* _Aim of the exercise_
In the records below, take the line containing "only: power_Suc2 mult.assoc)" and every line following it, and write them out exactly.
----------------------------------------
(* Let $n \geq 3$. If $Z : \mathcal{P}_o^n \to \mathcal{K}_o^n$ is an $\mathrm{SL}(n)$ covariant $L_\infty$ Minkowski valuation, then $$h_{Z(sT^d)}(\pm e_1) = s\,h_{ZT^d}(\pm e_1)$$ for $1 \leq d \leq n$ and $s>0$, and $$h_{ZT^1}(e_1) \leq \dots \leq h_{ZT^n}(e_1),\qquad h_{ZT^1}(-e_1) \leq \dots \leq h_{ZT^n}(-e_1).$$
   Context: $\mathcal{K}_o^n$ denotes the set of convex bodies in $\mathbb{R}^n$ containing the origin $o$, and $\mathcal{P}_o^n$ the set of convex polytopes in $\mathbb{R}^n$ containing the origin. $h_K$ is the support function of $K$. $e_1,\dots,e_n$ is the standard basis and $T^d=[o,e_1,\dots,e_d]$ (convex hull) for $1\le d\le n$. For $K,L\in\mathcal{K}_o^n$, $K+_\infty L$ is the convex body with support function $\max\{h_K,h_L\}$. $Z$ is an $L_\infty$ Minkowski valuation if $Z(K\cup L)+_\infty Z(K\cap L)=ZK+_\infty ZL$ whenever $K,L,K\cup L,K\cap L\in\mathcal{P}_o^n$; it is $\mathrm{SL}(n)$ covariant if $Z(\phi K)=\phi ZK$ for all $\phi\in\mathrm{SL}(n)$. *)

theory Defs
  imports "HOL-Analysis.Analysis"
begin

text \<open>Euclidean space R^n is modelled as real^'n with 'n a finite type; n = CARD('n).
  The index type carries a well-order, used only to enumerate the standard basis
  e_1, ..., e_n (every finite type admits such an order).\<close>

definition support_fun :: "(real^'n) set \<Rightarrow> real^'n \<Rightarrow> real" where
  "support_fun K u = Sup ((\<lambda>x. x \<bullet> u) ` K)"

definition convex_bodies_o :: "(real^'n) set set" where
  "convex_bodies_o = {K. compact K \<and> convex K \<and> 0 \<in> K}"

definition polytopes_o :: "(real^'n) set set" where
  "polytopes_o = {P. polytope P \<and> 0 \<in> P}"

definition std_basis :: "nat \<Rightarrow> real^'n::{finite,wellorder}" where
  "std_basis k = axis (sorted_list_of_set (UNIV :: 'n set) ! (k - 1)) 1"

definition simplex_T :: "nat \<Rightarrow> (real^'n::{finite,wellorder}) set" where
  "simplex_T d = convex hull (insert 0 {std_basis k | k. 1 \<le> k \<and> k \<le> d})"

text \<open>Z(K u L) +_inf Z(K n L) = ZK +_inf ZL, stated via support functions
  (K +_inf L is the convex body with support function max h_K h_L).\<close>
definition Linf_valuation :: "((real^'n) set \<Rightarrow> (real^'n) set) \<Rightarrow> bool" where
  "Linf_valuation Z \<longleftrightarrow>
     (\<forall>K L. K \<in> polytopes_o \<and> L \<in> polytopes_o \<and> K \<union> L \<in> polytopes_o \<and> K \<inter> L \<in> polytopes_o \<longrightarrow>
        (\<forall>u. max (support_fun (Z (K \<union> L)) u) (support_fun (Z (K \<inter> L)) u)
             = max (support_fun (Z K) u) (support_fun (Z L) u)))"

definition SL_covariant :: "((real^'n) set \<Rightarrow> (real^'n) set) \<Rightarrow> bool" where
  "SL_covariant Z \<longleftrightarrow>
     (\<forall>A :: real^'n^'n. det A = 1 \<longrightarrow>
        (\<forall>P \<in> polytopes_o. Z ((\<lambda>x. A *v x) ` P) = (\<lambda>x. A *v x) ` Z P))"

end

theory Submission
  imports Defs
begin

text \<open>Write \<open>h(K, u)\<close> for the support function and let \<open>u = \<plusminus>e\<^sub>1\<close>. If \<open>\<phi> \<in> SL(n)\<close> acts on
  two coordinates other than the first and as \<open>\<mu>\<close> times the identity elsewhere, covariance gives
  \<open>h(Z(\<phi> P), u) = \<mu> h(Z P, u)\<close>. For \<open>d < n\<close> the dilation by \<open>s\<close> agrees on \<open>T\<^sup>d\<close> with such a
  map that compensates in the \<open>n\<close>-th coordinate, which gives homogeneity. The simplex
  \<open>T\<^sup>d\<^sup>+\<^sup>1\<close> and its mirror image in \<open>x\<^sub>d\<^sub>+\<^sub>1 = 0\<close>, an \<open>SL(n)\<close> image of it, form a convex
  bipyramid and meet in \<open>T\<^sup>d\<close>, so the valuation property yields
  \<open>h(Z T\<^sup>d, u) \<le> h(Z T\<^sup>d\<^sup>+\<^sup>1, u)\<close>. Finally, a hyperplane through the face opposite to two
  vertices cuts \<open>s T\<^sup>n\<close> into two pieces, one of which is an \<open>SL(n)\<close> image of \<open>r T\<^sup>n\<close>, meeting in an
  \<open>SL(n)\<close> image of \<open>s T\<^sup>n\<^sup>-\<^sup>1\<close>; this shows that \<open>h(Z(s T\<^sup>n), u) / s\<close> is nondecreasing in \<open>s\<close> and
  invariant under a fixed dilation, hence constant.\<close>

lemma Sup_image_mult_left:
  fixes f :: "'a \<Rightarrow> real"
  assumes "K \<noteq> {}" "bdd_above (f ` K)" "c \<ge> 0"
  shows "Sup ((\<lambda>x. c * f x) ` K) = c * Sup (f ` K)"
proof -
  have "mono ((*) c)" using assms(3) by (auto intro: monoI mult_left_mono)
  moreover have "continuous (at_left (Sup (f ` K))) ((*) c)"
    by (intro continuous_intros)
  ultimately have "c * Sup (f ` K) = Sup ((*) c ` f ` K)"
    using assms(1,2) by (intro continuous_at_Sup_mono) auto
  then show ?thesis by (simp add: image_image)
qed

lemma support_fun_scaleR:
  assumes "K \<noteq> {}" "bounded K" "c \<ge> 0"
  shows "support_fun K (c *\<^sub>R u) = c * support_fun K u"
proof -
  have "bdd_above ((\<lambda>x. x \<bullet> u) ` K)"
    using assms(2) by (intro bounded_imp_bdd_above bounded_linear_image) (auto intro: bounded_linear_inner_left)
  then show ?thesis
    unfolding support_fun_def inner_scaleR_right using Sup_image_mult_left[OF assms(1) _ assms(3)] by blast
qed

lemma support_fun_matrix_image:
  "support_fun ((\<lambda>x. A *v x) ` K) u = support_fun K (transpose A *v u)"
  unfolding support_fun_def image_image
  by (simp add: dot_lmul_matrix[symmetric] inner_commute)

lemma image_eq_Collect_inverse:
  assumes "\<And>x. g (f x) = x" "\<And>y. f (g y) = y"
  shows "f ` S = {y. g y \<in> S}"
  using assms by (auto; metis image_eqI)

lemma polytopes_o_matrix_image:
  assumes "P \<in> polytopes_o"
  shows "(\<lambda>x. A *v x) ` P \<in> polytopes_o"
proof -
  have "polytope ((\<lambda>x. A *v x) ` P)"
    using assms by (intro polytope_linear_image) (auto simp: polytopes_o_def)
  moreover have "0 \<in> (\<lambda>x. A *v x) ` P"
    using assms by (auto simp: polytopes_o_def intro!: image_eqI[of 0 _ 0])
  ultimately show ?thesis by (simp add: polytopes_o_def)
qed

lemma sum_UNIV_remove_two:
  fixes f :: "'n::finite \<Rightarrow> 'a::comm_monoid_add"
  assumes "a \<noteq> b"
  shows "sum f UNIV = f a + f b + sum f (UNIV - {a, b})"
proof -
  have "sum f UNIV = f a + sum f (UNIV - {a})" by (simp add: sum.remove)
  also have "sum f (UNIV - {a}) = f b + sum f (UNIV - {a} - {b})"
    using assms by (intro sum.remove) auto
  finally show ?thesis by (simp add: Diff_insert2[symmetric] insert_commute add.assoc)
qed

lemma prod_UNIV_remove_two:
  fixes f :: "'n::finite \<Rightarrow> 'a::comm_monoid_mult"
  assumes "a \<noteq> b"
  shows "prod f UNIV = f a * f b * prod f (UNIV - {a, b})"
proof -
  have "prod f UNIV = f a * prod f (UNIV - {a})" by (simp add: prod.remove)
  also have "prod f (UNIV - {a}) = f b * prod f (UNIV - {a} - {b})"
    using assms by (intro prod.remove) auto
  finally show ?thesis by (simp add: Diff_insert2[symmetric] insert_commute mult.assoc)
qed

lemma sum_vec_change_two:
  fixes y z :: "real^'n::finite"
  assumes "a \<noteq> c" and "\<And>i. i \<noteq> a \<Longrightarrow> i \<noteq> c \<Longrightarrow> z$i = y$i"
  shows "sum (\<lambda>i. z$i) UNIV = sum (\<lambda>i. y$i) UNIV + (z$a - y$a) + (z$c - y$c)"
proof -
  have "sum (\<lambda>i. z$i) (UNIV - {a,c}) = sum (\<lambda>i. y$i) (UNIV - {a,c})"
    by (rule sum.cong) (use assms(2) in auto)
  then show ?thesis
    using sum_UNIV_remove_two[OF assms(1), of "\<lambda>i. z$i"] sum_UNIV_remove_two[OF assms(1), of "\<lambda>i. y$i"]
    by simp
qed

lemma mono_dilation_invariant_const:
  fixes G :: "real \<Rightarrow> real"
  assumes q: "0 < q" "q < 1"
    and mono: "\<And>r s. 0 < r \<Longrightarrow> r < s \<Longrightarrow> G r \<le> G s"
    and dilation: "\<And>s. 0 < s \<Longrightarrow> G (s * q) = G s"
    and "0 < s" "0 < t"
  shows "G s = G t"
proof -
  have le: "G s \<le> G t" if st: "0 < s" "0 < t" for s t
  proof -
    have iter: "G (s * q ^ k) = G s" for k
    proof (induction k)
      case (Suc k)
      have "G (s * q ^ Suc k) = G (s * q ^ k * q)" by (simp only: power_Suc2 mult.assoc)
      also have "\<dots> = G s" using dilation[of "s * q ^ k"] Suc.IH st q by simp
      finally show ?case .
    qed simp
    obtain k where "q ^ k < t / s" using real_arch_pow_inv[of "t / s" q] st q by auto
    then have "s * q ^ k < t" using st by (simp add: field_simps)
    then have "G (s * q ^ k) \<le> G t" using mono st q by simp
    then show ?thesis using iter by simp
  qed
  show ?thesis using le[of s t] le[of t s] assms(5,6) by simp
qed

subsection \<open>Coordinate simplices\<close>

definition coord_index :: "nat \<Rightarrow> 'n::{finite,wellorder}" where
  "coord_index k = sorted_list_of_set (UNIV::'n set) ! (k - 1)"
----------------------------------------
* _Solution_
      have "G (s * q ^ Suc k) = G (s * q ^ k * q)" by (simp only: power_Suc2 mult.assoc)
      also have "\<dots> = G s" using dilation[of "s * q ^ k"] Suc.IH st q by simp
      finally show ?case .
    qed simp
    obtain k where "q ^ k < t / s" using real_arch_pow_inv[of "t / s" q] st q by auto
    then have "s * q ^ k < t" using st by (simp add: field_simps)
    then have "G (s * q ^ k) \<le> G t" using mono st q by simp
    then show ?thesis using iter by simp
  qed
  show ?thesis using le[of s t] le[of t s] assms(5,6) by simp
qed

subsection \<open>Coordinate simplices\<close>

definition coord_index :: "nat \<Rightarrow> 'n::{finite,wellorder}" where
  "coord_index k = sorted_list_of_set (UNIV::'n set) ! (k - 1)"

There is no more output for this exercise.